На террасе стояло пустое ведро – или ему казалось, что оно там стоит? А может быть, ему казалось, что он сам стоит на террасе? Кому что кажется, каждый – художник своего воображения. Сейчас рисовался такой пейзаж: терраса, нанизанная на дерево. Ясенетополь, как Н. сразу стал его называть, потому что никак не мог вспомнить, ясень это или тополь. А когда не помнишь, как нужно что-то называть, называешь так, как хочется тебе или как не хочется другим. Н. и поступал чаще всего не так, как поступают другие. Жизнь свою он называл нежно – нежизнью, себя он про себя называл Никто, а поскольку человеку нужна фамилия, он решил писаться Откин. В плане приватности и вообще… Интересно, догадается ли кто-нибудь прочитать в обратном порядке – Никто?
Собственно, настоящий Никто должен жить нигде. Наверное, он не был настоящим Никто, потому что это почти титул и его еще надо заслужить. А он что же? Годами жил в городе, жил и жил, и только сейчас уехал. Город, правда, продолжал жить в нем. Он мешал городу жить в себе, но безуспешно. Пришлось взойти с городом внутри себя на ступеньки, сесть – с ним же – на лавку, говорить с хозяином, постукивая в глубине своего нутра крышами друг об друга.
Хозяин, давно проглоченный домом, смотрел мутно. Он вспоминал свою жену, которую унесла река желтой волною – говорили, в город, говорили, в новый брак, но кто знает куда? – а у желтой волны ведь не спросишь. Жена жила в его глазах, и посетитель с интересом наблюдал за тем, как она выбивает половик, моет окна, готовит обед. Наконец хозяин закрыл глаза со спрятанной в них женой и назвал цену. Цена заняла всю террасу. Вслед за ней пришла тишина.
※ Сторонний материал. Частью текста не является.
(* Let $\mathcal{G}$ be an ordered groupoid and let $\alpha=(A_g,\alpha_g)_{g\in\mathcal{G}}$ be a preunital partial ordered (P.O.) action of $\mathcal{G}$ on a ring $A$. Then $\alpha$ has a globalization $\beta$ if and only if $\alpha$ is unital.
   Context: A groupoid $\mathcal{G}$ is a small category in which every morphism is invertible; $\mathcal{G}_0\subseteq\mathcal{G}$ denotes the set of identities (objects), $d(g)=g^{-1}g$, $r(g)=gg^{-1}$, and $\mathcal{G}_2=\{(g,h): gh \text{ is defined}\}$. $\mathcal{G}$ is ordered if it carries a partial order $\le$ such that: (OG1) $g\le h\Rightarrow g^{-1}\le h^{-1}$; (OG2) if $g\le h$, $k\le \ell$, and $gk$, $h\ell$ are defined, then $gk\le h\ell$; (OG3) for $g\in\mathcal{G}$, $e\in\mathcal{G}_0$ with $e\le d(g)$ there is a unique $(g|e)\le g$ with $d(g|e)=e$; (OG3* ) for $e\le r(g)$ there is a unique $(e|g)\le g$ with $r(e|g)=e$. A partial action $\alpha=(A_g,\alpha_g)_{g\in\mathcal{G}}$ of $\mathcal{G}$ on a ring $A$ consists of ideals $A_{r(g)}$ of $A$, ideals $A_g$ of $A_{r(g)}$ and ring isomorphisms $\alpha_g:A_{g^{-1}}\to A_g$ such that: (P1) $\alpha_e=\mathrm{Id}_{A_e}$ for $e\in\mathcal{G}_0$ and $A=\sum_{e\in\mathcal{G}_0}A_e$; (P2) $\alpha_h^{-1}(A_{g^{-1}}\cap A_h)\subseteq A_{(gh)^{-1}}$ for $(g,h)\in\mathcal{G}_2$; (P3) $\alpha_g\alpha_h(a)=\alpha_{gh}(a)$ for $(g,h)\in\mathcal{G}_2$, $a\in\alpha_h^{-1}(A_{g^{-1}}\cap A_h)$. It is a P.O. action if moreover (PO): $g\le h$ implies $A_g\subseteq A_h$ and $\alpha_g=\alpha_h|_{A_{g^{-1}}}$. It is unital if every $A_g$ is generated by (i.e. equals $A1_g$ for) a central idempotent $1_g$ of $A$; it is preunital if every $A_e$, $e\in\mathcal{G}_0$, is a unital ring whose identity $1_e$ is a central idempotent of $A$. A global action is a partial action with $A_g=A_{r(g)}$ for all $g$; an ordered global action is a global action satisfying (PO). A globalization of a P.O. action $\alpha$ on $A$ is an ordered global action $\beta=(B_g,\beta_g)_{g\in\mathcal{G}}$ of $\mathcal{G}$ on a ring $B$ together with injective ring homomorphisms $\varphi_e:A_e\to B_e$ ($e\in\mathcal{G}_0$) such that: (i) $\varphi_e(A_e)$ is an ideal of $B_e$; (ii) $\varphi_{r(g)}(A_g)=\varphi_{r(g)}(A_{r(g)})\cap\beta_g(\varphi_{d(g)}(A_{d(g)}))$ for all $g$; (iii) $\beta_g\circ\varphi_{d(g)}(a)=\varphi_{r(g)}\circ\alpha_g(a)$ for all $g$, $a\in A_{g^{-1}}$; (iv) $B_g=\sum_{r(h)\le r(g)}\beta_h(\varphi_{d(h)}(A_{d(h)}))$ for all $g$. *)

theory Defs
  imports Main "HOL-Library.Function_Algebras"
begin

text \<open>A groupoid is given by a carrier G, a (total HOL function representing the)
  partial composition m, and inversion iv.  The composite m g h is only meaningful
  when gd g = gr h.\<close>

definition gd :: "('g \<Rightarrow> 'g \<Rightarrow> 'g) \<Rightarrow> ('g \<Rightarrow> 'g) \<Rightarrow> 'g \<Rightarrow> 'g" where
  "gd m iv g = m (iv g) g"

definition gr :: "('g \<Rightarrow> 'g \<Rightarrow> 'g) \<Rightarrow> ('g \<Rightarrow> 'g) \<Rightarrow> 'g \<Rightarrow> 'g" where
  "gr m iv g = m g (iv g)"

definition objects :: "'g set \<Rightarrow> ('g \<Rightarrow> 'g \<Rightarrow> 'g) \<Rightarrow> ('g \<Rightarrow> 'g) \<Rightarrow> 'g set" where
  "objects G m iv = gd m iv ` G"

definition groupoid :: "'g set \<Rightarrow> ('g \<Rightarrow> 'g \<Rightarrow> 'g) \<Rightarrow> ('g \<Rightarrow> 'g) \<Rightarrow> bool" where
  "groupoid G m iv \<longleftrightarrow>
     (\<forall>g\<in>G. iv g \<in> G \<and> iv (iv g) = g) \<and>
     (\<forall>g\<in>G. \<forall>h\<in>G. gd m iv g = gr m iv h \<longrightarrow>
        m g h \<in> G \<and> gd m iv (m g h) = gd m iv h \<and> gr m iv (m g h) = gr m iv g) \<and>
     (\<forall>g\<in>G. \<forall>h\<in>G. \<forall>k\<in>G. gd m iv g = gr m iv h \<longrightarrow> gd m iv h = gr m iv k \<longrightarrow>
        m (m g h) k = m g (m h k)) \<and>
     (\<forall>g\<in>G. m (gr m iv g) g = g \<and> m g (gd m iv g) = g)"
Н. понял, что это как подавать милостыню нищему: нужно либо вообще этого не делать, либо дать столько, чтобы он перестал быть нищим; может быть, дать самого себя.
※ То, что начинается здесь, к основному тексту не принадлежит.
lemma leL_antisym:
  assumes x: "x \<in> carrier G" and y: "y \<in> carrier G"
    and "leL G M x y" "leL G M y x"
  shows "x = y"
proof -
  have "inv (inv x \<otimes> y) = inv y \<otimes> x" using x y by (simp add: inv_mult_group)
  then have "inv x \<otimes> y = \<one>" using cone_inv_eq_one assms(3,4) unfolding leL_def by metis
  then show ?thesis using inv_solve_left'[of \<one> x y] x y by simp
qed

lemma leL_mult_left_iff: "g \<in> carrier G \<Longrightarrow> x \<in> carrier G \<Longrightarrow> y \<in> carrier G \<Longrightarrow>
    leL G M (g \<otimes> x) (g \<otimes> y) \<longleftrightarrow> leL G M x y"
  unfolding leL_def by (simp add: inv_mult_group m_assoc)

lemma one_leL_iff: "x \<in> carrier G \<Longrightarrow> leL G M \<one> x \<longleftrightarrow> x \<in> M"
  unfolding leL_def by simp

lemma leL_mult_right: "x \<in> carrier G \<Longrightarrow> y \<in> M \<Longrightarrow> leL G M x (x \<otimes> y)"
  unfolding leL_def by (simp add: m_assoc[symmetric])

lemma leL_one_imp_eq_one: "x \<in> M \<Longrightarrow> leL G M x \<one> \<Longrightarrow> x = \<one>"
  using leL_antisym one_leL_iff by simp

lemma Div_iff: "s \<in> Div G M D \<longleftrightarrow> s \<in> M \<and> leL G M s D"
  unfolding Div_def DivL_def by blast

lemma Div_left_complement:
  assumes "balanced G M D" and s: "s \<in> Div G M D"
  shows "inv s \<otimes> D \<in> Div G M D"
proof -
  have sc: "s \<in> carrier G" and D: "D \<in> carrier G"
    using s assms(1) unfolding Div_iff balanced_def by auto
  have "inv s \<otimes> D \<in> M" using s unfolding Div_iff leL_def by blast
  moreover have "D \<otimes> inv (inv s \<otimes> D) = s"
    using sc D by (simp add: inv_mult_group m_assoc[symmetric])
  ultimately have "inv s \<otimes> D \<in> DivR G M D"
    using s unfolding DivR_def leR_def Div_iff by simp
  with assms(1) show ?thesis unfolding balanced_def Div_def by simp
qed

lemma Div_right_complement:
  assumes "balanced G M D" and s: "s \<in> Div G M D"
  shows "D \<otimes> inv s \<in> Div G M D"
proof -
  have sc: "s \<in> carrier G" and D: "D \<in> carrier G"
    using s assms(1) unfolding Div_iff balanced_def by auto
  have "s \<in> DivR G M D" using s assms(1) unfolding balanced_def Div_def by simp
  then have "D \<otimes> inv s \<in> M" unfolding DivR_def leR_def by blast
  moreover have "inv (D \<otimes> inv s) \<otimes> D = s"
    using sc D by (simp add: inv_mult_group m_assoc)
  ultimately show ?thesis using s unfolding Div_iff leL_def by simp
qed

text \<open>For balanced \<open>\<Delta>\<close>, \<open>\<Phi>\<close> and \<open>\<Phi>\<inverse>\<close> are the squares of the right and left complement.\<close>

lemma Phi_Div:
  assumes "balanced G M D" and s: "s \<in> Div G M D"
  shows "Phi G D s \<in> Div G M D"
proof -
  have "s \<in> carrier G" and "D \<in> carrier G"
    using s assms(1) unfolding Div_iff balanced_def by auto
  then have "Phi G D s = D \<otimes> inv (D \<otimes> inv s)"
    unfolding Phi_def by (simp add: inv_mult_group m_assoc)
  then show ?thesis using Div_right_complement[OF assms(1)] s by simp
qed

lemma Phi_inv_Div:
  assumes "balanced G M D" and s: "s \<in> Div G M D"
  shows "Phi_inv G D s \<in> Div G M D"
proof -
  have "s \<in> carrier G" and "D \<in> carrier G"
    using s assms(1) unfolding Div_iff balanced_def by auto
  then have "Phi_inv G D s = inv (inv s \<otimes> D) \<otimes> D"
    unfolding Phi_inv_def by (simp add: inv_mult_group m_assoc)
  then show ?thesis using Div_left_complement[OF assms(1)] s by simp
qed

end

locale lattice_cone = group_cone +
  assumes lattice: "lattice_L G M"
begin

lemma meetL_is_glb: "a \<in> carrier G \<Longrightarrow> b \<in> carrier G \<Longrightarrow> is_glbL G M a b (meetL G M a b)"
proof -
  assume "a \<in> carrier G" "b \<in> carrier G"
  then obtain m where m: "is_glbL G M a b m" using lattice unfolding lattice_L_def by blast
  have unique: "is_glbL G M a b m' \<Longrightarrow> m' = m" for m'
    using m leL_antisym unfolding is_glbL_def by blast
  show ?thesis unfolding meetL_def by (rule theI[where P = "is_glbL G M a b", OF m unique])
qed

lemma meetL_eqI: "is_glbL G M a b m \<Longrightarrow> a \<in> carrier G \<Longrightarrow> b \<in> carrier G \<Longrightarrow> meetL G M a b = m"
  using meetL_is_glb leL_antisym unfolding is_glbL_def by blast

lemma meetL_closed [simp]: "a \<in> carrier G \<Longrightarrow> b \<in> carrier G \<Longrightarrow> meetL G M a b \<in> carrier G"
  using meetL_is_glb unfolding is_glbL_def by blast

lemma meetL_leL_left: "a \<in> carrier G \<Longrightarrow> b \<in> carrier G \<Longrightarrow> leL G M (meetL G M a b) a"
  using meetL_is_glb unfolding is_glbL_def by blast

lemma meetL_leL_right: "a \<in> carrier G \<Longrightarrow> b \<in> carrier G \<Longrightarrow> leL G M (meetL G M a b) b"
  using meetL_is_glb unfolding is_glbL_def by blast

lemma meetL_greatest: "a \<in> carrier G \<Longrightarrow> b \<in> carrier G \<Longrightarrow> x \<in> carrier G \<Longrightarrow>
    leL G M x a \<Longrightarrow> leL G M x b \<Longrightarrow> leL G M x (meetL G M a b)"
  using meetL_is_glb unfolding is_glbL_def by blast

lemma meetL_mult_coprime:
  assumes s: "s \<in> carrier G" and y: "y \<in> M" and b: "b \<in> carrier G"
    and sb: "leL G M s b" and coprime: "meetL G M y (inv s \<otimes> b) = \<one>"
  shows "meetL G M (s \<otimes> y) b = s"
proof (rule meetL_eqI)
  show "is_glbL G M (s \<otimes> y) b s"
    unfolding is_glbL_def
  proof (intro conjI ballI impI)
    fix t assume t: "t \<in> carrier G" and "leL G M t (s \<otimes> y) \<and> leL G M t b"
    then have ty: "leL G M t (s \<otimes> y)" and tb: "leL G M t b" by auto
    obtain j where "is_lubL G M s t j" using lattice s t unfolding lattice_L_def by blast
    then have j: "j \<in> carrier G" and sj: "leL G M s j" and tj: "leL G M t j"
      and j_least: "\<And>x. x \<in> carrier G \<Longrightarrow> leL G M s x \<Longrightarrow> leL G M t x \<Longrightarrow> leL G M j x"
      unfolding is_lubL_def by auto
    define z where "z = inv s \<otimes> j"
    have z: "z \<in> M" using sj unfolding leL_def z_def .
    have j_eq: "j = s \<otimes> z" unfolding z_def using s j by simp
    have "leL G M (s \<otimes> z) (s \<otimes> y)" using j_least ty leL_mult_right s y j_eq by simp
    then have "leL G M z y" using leL_mult_left_iff s y z by simp
    moreover have "leL G M (s \<otimes> z) (s \<otimes> (inv s \<otimes> b))" using j_least tb sb s b j_eq by simp
    then have "leL G M z (inv s \<otimes> b)" using leL_mult_left_iff[of s z "inv s \<otimes> b"] s b z by simp
    ultimately have "leL G M z \<one>"
      using meetL_greatest[of y "inv s \<otimes> b" z] coprime s b y z by simp
    then have "j = s" using leL_one_imp_eq_one z j_eq s by simp
    then show "leL G M t s" using tj by simp
  qed (use s y sb leL_mult_right in auto)
qed (use s y b in auto)

end

locale garside_cone = lattice_cone +
  fixes \<Delta>
  assumes balanced_Delta: "balanced G M \<Delta>"
    and Div_Delta_generates: "monoid_gen G (Div G M \<Delta>) = M"
begin

lemma Delta_carrier [simp]: "\<Delta> \<in> carrier G"
  using balanced_Delta unfolding balanced_def by simp

lemma Phi_cone: "x \<in> M \<Longrightarrow> Phi G \<Delta> x \<in> M \<and> Phi_inv G \<Delta> x \<in> M"
proof -
  assume "x \<in> M"
  then have "x \<in> monoid_gen G (Div G M \<Delta>)" using Div_Delta_generates by simp
  then show ?thesis
  proof (induction rule: monoid_gen.induct)
    case one
    then show ?case unfolding Phi_def Phi_inv_def by simp
  next
    case (incl s)
    then show ?case using Phi_Div Phi_inv_Div balanced_Delta unfolding Div_iff by blast
  next
    case (mult x y)
    then have "x \<in> M" "y \<in> M" using Div_Delta_generates by auto
    then show ?case using mult.IH Phi_mult Phi_inv_mult by simp
  qed
qed

lemma Phi_inv_leL_iff: "x \<in> carrier G \<Longrightarrow> y \<in> carrier G \<Longrightarrow>
    leL G M (Phi_inv G \<Delta> x) (Phi_inv G \<Delta> y) \<longleftrightarrow> leL G M x y"
proof -
  assume x: "x \<in> carrier G" and y: "y \<in> carrier G"
  have eq: "inv (Phi_inv G \<Delta> x) \<otimes> Phi_inv G \<Delta> y = Phi_inv G \<Delta> (inv x \<otimes> y)"
    unfolding Phi_inv_def using x y by (simp add: inv_mult_group m_assoc)
  have "Phi_inv G \<Delta> u \<in> M \<longleftrightarrow> u \<in> M" if "u \<in> carrier G" for u
    using Phi_cone Phi_Phi_inv that by (metis Delta_carrier)
  then show ?thesis unfolding leL_def eq using x y by simp
qed

lemma meetL_Phi_inv:
  assumes a: "a \<in> carrier G" and b: "b \<in> carrier G"
  shows "meetL G M (Phi_inv G \<Delta> a) (Phi_inv G \<Delta> b) = Phi_inv G \<Delta> (meetL G M a b)"
proof (rule meetL_eqI)
  show "is_glbL G M (Phi_inv G \<Delta> a) (Phi_inv G \<Delta> b) (Phi_inv G \<Delta> (meetL G M a b))"
    unfolding is_glbL_def
  proof (intro conjI ballI impI)
    fix z assume z: "z \<in> carrier G"
      and "leL G M z (Phi_inv G \<Delta> a) \<and> leL G M z (Phi_inv G \<Delta> b)"
    then have "leL G M (Phi G \<Delta> z) a" "leL G M (Phi G \<Delta> z) b"
      using Phi_inv_leL_iff[of "Phi G \<Delta> z"] a b by auto
    then have "leL G M (Phi G \<Delta> z) (meetL G M a b)" using meetL_greatest a b z by simp
    then show "leL G M z (Phi_inv G \<Delta> (meetL G M a b))"
      using Phi_inv_leL_iff[of "Phi G \<Delta> z"] a b z by simp
  qed (use a b meetL_leL_left meetL_leL_right Phi_inv_leL_iff in auto)
qed (use a b in auto)

end

locale parabolic_cone = garside_cone +
  fixes N and \<delta>
  assumes delta_cone: "\<delta> \<in> M"
    and Div_delta: "Div G M \<delta> = Div G M \<Delta> \<inter> N"
    and N_mult_closed: "\<And>x y. x \<in> N \<Longrightarrow> y \<in> N \<Longrightarrow> x \<otimes> y \<in> N"
begin

lemma delta_carrier [simp]: "\<delta> \<in> carrier G"
  using delta_cone by simp

lemma delta_Div_delta: "\<delta> \<in> Div G M \<delta>"
  unfolding Div_iff leL_def using delta_cone by simp

lemma N_reduced_shift:
  assumes a: "N_reduced G M \<delta> a"
  shows "N_reduced G M \<delta> (inv \<delta> \<otimes> a \<otimes> \<Delta>)"
proof -
  define \<omega> where "\<omega> = inv \<delta> \<otimes> \<Delta>"
  define y where "y = Phi_inv G \<Delta> a"
  have aM: "a \<in> M" and a_coprime: "meetL G M a \<delta> = \<one>"
    using a unfolding N_reduced_def by auto
  have \<delta>N: "\<delta> \<in> N" and \<delta>\<Delta>: "leL G M \<delta> \<Delta>" using delta_Div_delta Div_delta Div_iff by auto
  have \<omega>: "\<omega> \<in> M" using \<delta>\<Delta> unfolding leL_def \<omega>_def .
  have y: "y \<in> M" using Phi_cone aM unfolding y_def by blast
  have shift_eq: "inv \<delta> \<otimes> a \<otimes> \<Delta> = \<omega> \<otimes> y"
    unfolding \<omega>_def y_def Phi_inv_def using aM by (simp add: m_assoc)
  have co_\<omega>: "inv \<omega> \<otimes> \<Delta> = Phi_inv G \<Delta> \<delta>"
    unfolding \<omega>_def Phi_inv_def by (simp add: inv_mult_group m_assoc)
  have "meetL G M y (inv \<omega> \<otimes> \<Delta>) = \<one>"
    unfolding y_def co_\<omega> using meetL_Phi_inv a_coprime aM by simp
  moreover have "leL G M \<omega> \<Delta>" using co_\<omega> Phi_cone delta_cone unfolding leL_def by simp
  ultimately have \<omega>_meet: "meetL G M (\<omega> \<otimes> y) \<Delta> = \<omega>"
    using meetL_mult_coprime \<omega> y by simp
  define m where "m = meetL G M (\<omega> \<otimes> y) \<delta>"
  have m_\<delta>: "leL G M m \<delta>" unfolding m_def using meetL_leL_right \<omega> y by simp
  have m: "m \<in> M"
    using meetL_greatest[of "\<omega> \<otimes> y" \<delta> \<one>] one_leL_iff \<omega> y delta_cone unfolding m_def by simp
  have mN: "m \<in> N" using m m_\<delta> Div_delta Div_iff by blast
  have "leL G M m (\<omega> \<otimes> y)" unfolding m_def using meetL_leL_left \<omega> y by simp
  moreover have "leL G M m \<Delta>" using leL_trans[OF _ _ _ m_\<delta> \<delta>\<Delta>] m by simp
  ultimately have "leL G M m (meetL G M (\<omega> \<otimes> y) \<Delta>)"
    using meetL_greatest[of "\<omega> \<otimes> y" \<Delta> m] \<omega> y m by simp
  then have "leL G M (\<delta> \<otimes> m) (\<delta> \<otimes> \<omega>)"
    using leL_mult_left_iff[of \<delta> m \<omega>] \<omega>_meet \<omega> m by simp
  then have "\<delta> \<otimes> m \<in> Div G M \<Delta> \<inter> N"
    using N_mult_closed[OF \<delta>N mN] delta_cone m unfolding \<omega>_def by (simp add: Div_iff)
  then have "leL G M (\<delta> \<otimes> m) (\<delta> \<otimes> \<one>)"
    unfolding Div_delta[symmetric] Div_iff by simp
  then have "leL G M m \<one>" using leL_mult_left_iff[of \<delta> m \<one>] m by simp
  then have "m = \<one>" using leL_one_imp_eq_one m by simp
  then show ?thesis
    unfolding N_reduced_def shift_eq using \<omega> y m_def by simp
qed

lemma N_reduced_conj_pow:
  fixes k :: nat
  assumes c: "N_reduced G M \<delta> c"
  shows "N_reduced G M \<delta> (inv (\<delta> [^] k) \<otimes> c \<otimes> \<Delta> [^] k)"
proof (induction k)
  case 0
  then show ?case using c unfolding N_reduced_def by simp
next
  case (Suc k)
  have "c \<in> carrier G" using c unfolding N_reduced_def by simp
  then have "inv (\<delta> [^] Suc k) \<otimes> c \<otimes> \<Delta> [^] Suc k
      = inv \<delta> \<otimes> (inv (\<delta> [^] k) \<otimes> c \<otimes> \<Delta> [^] k) \<otimes> \<Delta>"
    by (simp add: inv_mult_group m_assoc)
  then show ?case using N_reduced_shift[OF Suc] by simp
qed

end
Он сказал да. Цена послушно спряталась в карманы, соглашение состоялось. Дом теперь был его, до осени. Что же до самого дома, он явно не возражал на время отпустить давно проглоченного в предвкушении нового содержимого своей утробы. Собственно, Никто-Откин не думал, что его тоже можно проглотить – ну как проглотить никого? Само собой, никак.
Хозяин ушел по тропинке. Он оставил все, даже фотографии жены. Это было бегство. Хозяин оказался легок на подъем. Просто легок. Все было выжжено изнутри.
– Лево руля, Виллєм!
– Есть, капитан.
Ничего не происходило, никто не шевелился, никого не было, но голоса звучали, а корабль плыл.
– Поднять кливер!
Скрипел штурвал, стекло компаса отражало серебряные облака.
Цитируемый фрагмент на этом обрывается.